Rotating locomotion in living systems
There are two known examples of molecular-scale rotating structures used by living cells. The only known biological system capable of providing continuous propulsive torque is the corkscrew-like flagellum. Some organisms use rolling as a means of locomoting, as the organism rotates as a whole. Other species adopt more spherical postures, primarily to protect their bodies from predators.

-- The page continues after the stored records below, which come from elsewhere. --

lemma power_component_signed:
  "e \<in> {1, -1} \<Longrightarrow> n \<ge> 1 \<Longrightarrow> power_component A (e * int n) = set_power (A e) n"
  by (auto simp: power_component_def)

lemma power_component_subset: "Z_graded A \<Longrightarrow> power_component A i \<subseteq> A i"
  using Z_graded_set_power[of A 1 "nat i"] Z_graded_set_power[of A "-1" "nat (- i)"]
  by (auto simp: power_component_def)

lemma power_component_subgroup: "Z_graded A \<Longrightarrow> additive_subgroup (power_component A i)"
  by (simp add: power_component_def set_power_def additive_subgroup_add_span Z_graded_subgroup)

lemma power_component_base: "Z_graded A \<Longrightarrow> d \<in> {-1, 0, 1} \<Longrightarrow> A d \<subseteq> power_component A d"
  using Z_graded_set_power_1[of A 1] Z_graded_set_power_1[of A "-1"]
  by (auto simp add: power_component_def)

lemma power_component_mult:
  assumes A: "Z_graded A" and x: "x \<in> power_component A i" and g: "g \<in> A d" and d: "d \<in> {-1, 0, 1}"
  shows "x * g \<in> power_component A (i + d)"
proof (cases "i = 0")
  case True
  then have "x * g \<in> A d" using x Z_graded_mult[OF A _ g, of x 0] by (simp add: power_component_def)
  then show ?thesis using power_component_base[OF A d] True by auto
next
  case False
  define e n where "e = sgn i" and "n = nat \<bar>i\<bar>"
  have e: "e \<in> {1, -1}" and n: "n \<ge> 1" and i: "i = e * int n"
    using False by (auto simp: e_def n_def sgn_if)
  have component: "power_component A (e * int m) = set_power (A e) m" if "m \<ge> 1" for m
    using power_component_signed[OF e that] .
  have xp: "x \<in> set_power (A e) n" using x component[OF n] i by simp
  consider "d = 0" | "d = e" | "d = - e" using d e by auto
  then show ?thesis
  proof cases
    case 1
    then show ?thesis using set_power_mult_degree_zero[OF A xp] g i component[OF n] by simp
  next
    case 2
    have "i + d = e * int (Suc n)" using i 2 by (simp add: algebra_simps)
    then show ?thesis using set_power_Suc_mult[OF xp] g 2 component[of "Suc n"] by simp
  next
    case 3
    have deg0: "y * g \<in> A 0" if "y \<in> A e" for y using Z_graded_mult[OF A that g] 3 by simp
    show ?thesis
    proof (cases "n = 1")
      case True
      then have "x * g \<in> A 0" using deg0 xp Z_graded_set_power_1[OF A] by simp
      moreover have "i + d = 0" using i 3 True by simp
      ultimately show ?thesis by (simp add: power_component_def)
    next
      case False
      then obtain m where m: "n = Suc m" "m \<ge> 1" using n by (cases n) auto
      have "x * g \<in> set_power (A e) m"
        using set_power_Suc_mult_cancel[OF m(2) deg0 set_power_mult_degree_zero[OF A]] xp m by simp
      moreover have "i + d = e * int m" using i 3 m(1) by (simp add: algebra_simps)
      ultimately show ?thesis using component[OF m(2)] by simp
    qed
  qed
qed

lemma Z_graded_generated_semi_saturated:
  assumes A: "Z_graded A" and gen: "ring_span (A 0 \<union> A 1 \<union> A (-1)) = UNIV"
  shows "semi_saturated A"
proof -
  let ?W = "add_span (\<Union>i. power_component A i)"
  have "ring_span (A 0 \<union> A 1 \<union> A (-1)) \<subseteq> ?W"
  proof (rule ring_span_subset_right_closed[OF additive_subgroup_add_span])
    show "A 0 \<union> A 1 \<union> A (-1) \<subseteq> ?W"
      using power_component_base[OF A] by (blast intro: add_span_base)
    fix w x assume "w \<in> ?W" "x \<in> A 0 \<union> A 1 \<union> A (-1)"
    then obtain d where "x \<in> A d" "d \<in> {-1, 0, 1}" by blast
    then have "v * x \<in> ?W" if "v \<in> power_component A i" for v i
      using power_component_mult[OF A that] by (blast intro: add_span_base)
    then show "w * x \<in> ?W"
      using add_span_mult_right[OF additive_subgroup_add_span _ \<open>w \<in> ?W\<close>] by blast
  qed
  then have "A k \<subseteq> power_component A k" for k
    using Z_graded_component_of_add_span[OF A power_component_subgroup[OF A] power_component_subset[OF A]] gen
    by blast
  then have eq: "A k = power_component A k" for k using power_component_subset[OF A] by blast
  have "A (e * int n) = set_power (A e) n" if "e \<in> {1, -1}" "n > 0" for e n
    using eq[of "e * int n"] power_component_signed[OF that(1), of n A] that(2) by simp
  from this[of 1] this[of "-1"] show ?thesis
    using A by (simp add: semi_saturated_def)
qed

lemma graded_covariant_rep_semi_saturated:
  assumes "graded_covariant_rep lP rP lQ rQ psi S T \<sigma> Bg"
  shows "semi_saturated Bg"
proof -
  have A: "Z_graded Bg" and gen: "ring_span (range \<sigma> \<union> range S \<union> range T) = UNIV"
    and "range \<sigma> \<subseteq> Bg 0" "range T \<subseteq> Bg 1" "range S \<subseteq> Bg (-1)"
    using assms unfolding graded_covariant_rep_def by auto
  then have "ring_span (range \<sigma> \<union> range S \<union> range T) \<subseteq> ring_span (Bg 0 \<union> Bg 1 \<union> Bg (-1))"
    by (intro ring_span_mono) auto
  then show ?thesis using Z_graded_generated_semi_saturated[OF A] gen by auto
qed

theorem mainTheorem12:
  fixes lP :: "'r::ring \<Rightarrow> 'p::ab_group_add \<Rightarrow> 'p" and rP :: "'p \<Rightarrow> 'r \<Rightarrow> 'p"
    and lQ :: "'r \<Rightarrow> 'q::ab_group_add \<Rightarrow> 'q" and rQ :: "'q \<Rightarrow> 'r \<Rightarrow> 'q"
    and psi :: "'p \<Rightarrow> 'q \<Rightarrow> 'r"
    and \<iota>P :: "'p \<Rightarrow> 't::ring" and \<iota>Q :: "'q \<Rightarrow> 't" and \<iota>R :: "'r \<Rightarrow> 't"
    and S :: "'p \<Rightarrow> 'b::ring" and T :: "'q \<Rightarrow> 'b" and \<sigma> :: "'r \<Rightarrow> 'b"
    and Bg :: "int \<Rightarrow> 'b set"
  assumes "R_system lP rP lQ rQ psi"
  shows "(toeplitz_rep TYPE('c::ring) lP rP lQ rQ psi \<iota>P \<iota>Q \<iota>R
            \<longrightarrow> semi_saturated (toeplitz_grading \<iota>P \<iota>Q \<iota>R))
       \<and> (graded_covariant_rep lP rP lQ rQ psi S T \<sigma> Bg \<longrightarrow> semi_saturated Bg)"
  using graded_covariant_rep_semi_saturated[of lP rP lQ rQ psi \<iota>P \<iota>Q \<iota>R]
    graded_covariant_rep_semi_saturated[of lP rP lQ rQ psi S T \<sigma> Bg]
  unfolding toeplitz_rep_def by blast

end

About Rotating locomotion in living systems in brief
Several organisms are capable of rolling locomotion. However, true wheels and propellers do not appear to play a significant role in the movement of living things. Biologists have expounded on the reasons for this apparent absence of biological wheels. There exist two distinct modes of locomotion using rotation: first, simple rolling; and second, the use of wheels or propellers, which spin on an axle or shaft, relative to a fixed body. There are two known examples of molecular-scale rotating structures used by living cells. The only known biological system capable of providing continuous propulsive torque is the corkscrew-like flagellum, a corksum that is used in the process of energy storage and transfer. It is thought to have arisen by modular evolution, in which two subunits with their own functions have become associated and become associated with a new functionality. There exists a single known example of an apparently freely-rotating structure, though it is used for digestion rather than propulsion: the crystalline style of certain bivalves and gastropods. : 89 The style consists of a transparent glycoprotein rod which is continuously formed in a cilia-lined sac and extends into the stomach. The cilia rotate the rod so that it becomes wrapped in strands of mucus. As the rod slowly dissolves in the stomach, it releases the speed of the enzymes of the digestive enzymes in the digestive enzyme. : 396 Some organisms use rolling as a means of locomoting, as the organism rotates as a whole, rather than employing separate parts which rotate independently.
Other species adopt more spherical postures, primarily to protect their bodies from predators. This posture has been seen in pangolins, wheel spiders, hedgehogs, armadillos, Armadillo girdled lizards, isopods, and fossilized trilobites. Tumbleweeds, which are the above-ground portions of certain plants, separate from their root structure and roll in the wind to distribute their seeds. The most well-known of these include Kali tragus, or prickly Russian thistle, which arrived in North America in the late 19th century, and gained a reputation as a noxious weed. Fungi of the genus Bovista are known to use the same strategy to disperse their spores. The behavior of these beetles was noted in ancient Egyptian culture, which imparted sacred significance to their activities. Although it is the dung ball that rolls rather than the beetle itself, the beetles face many of the same mechanical difficulties that rolling organisms contend with. These species may roll passively or actively, typically by altering their shape to generate a propulsive force. Some species of elongate organisms form their bodies into a loop to roll, including certain caterpillars, tiger beetle larvae, myriapods, mantis shrimp,. Armadillidiidae, and Mount Lyell salamanders. Other species have been observed to purposely roll away from predators, including some species of wheel spiders.
You want to know more about Rotating locomotion in living systems?
This page is based on the article Rotating locomotion in living systems published in Wikipedia (as of Nov. 06, 2020) and was automatically summarized using artificial intelligence.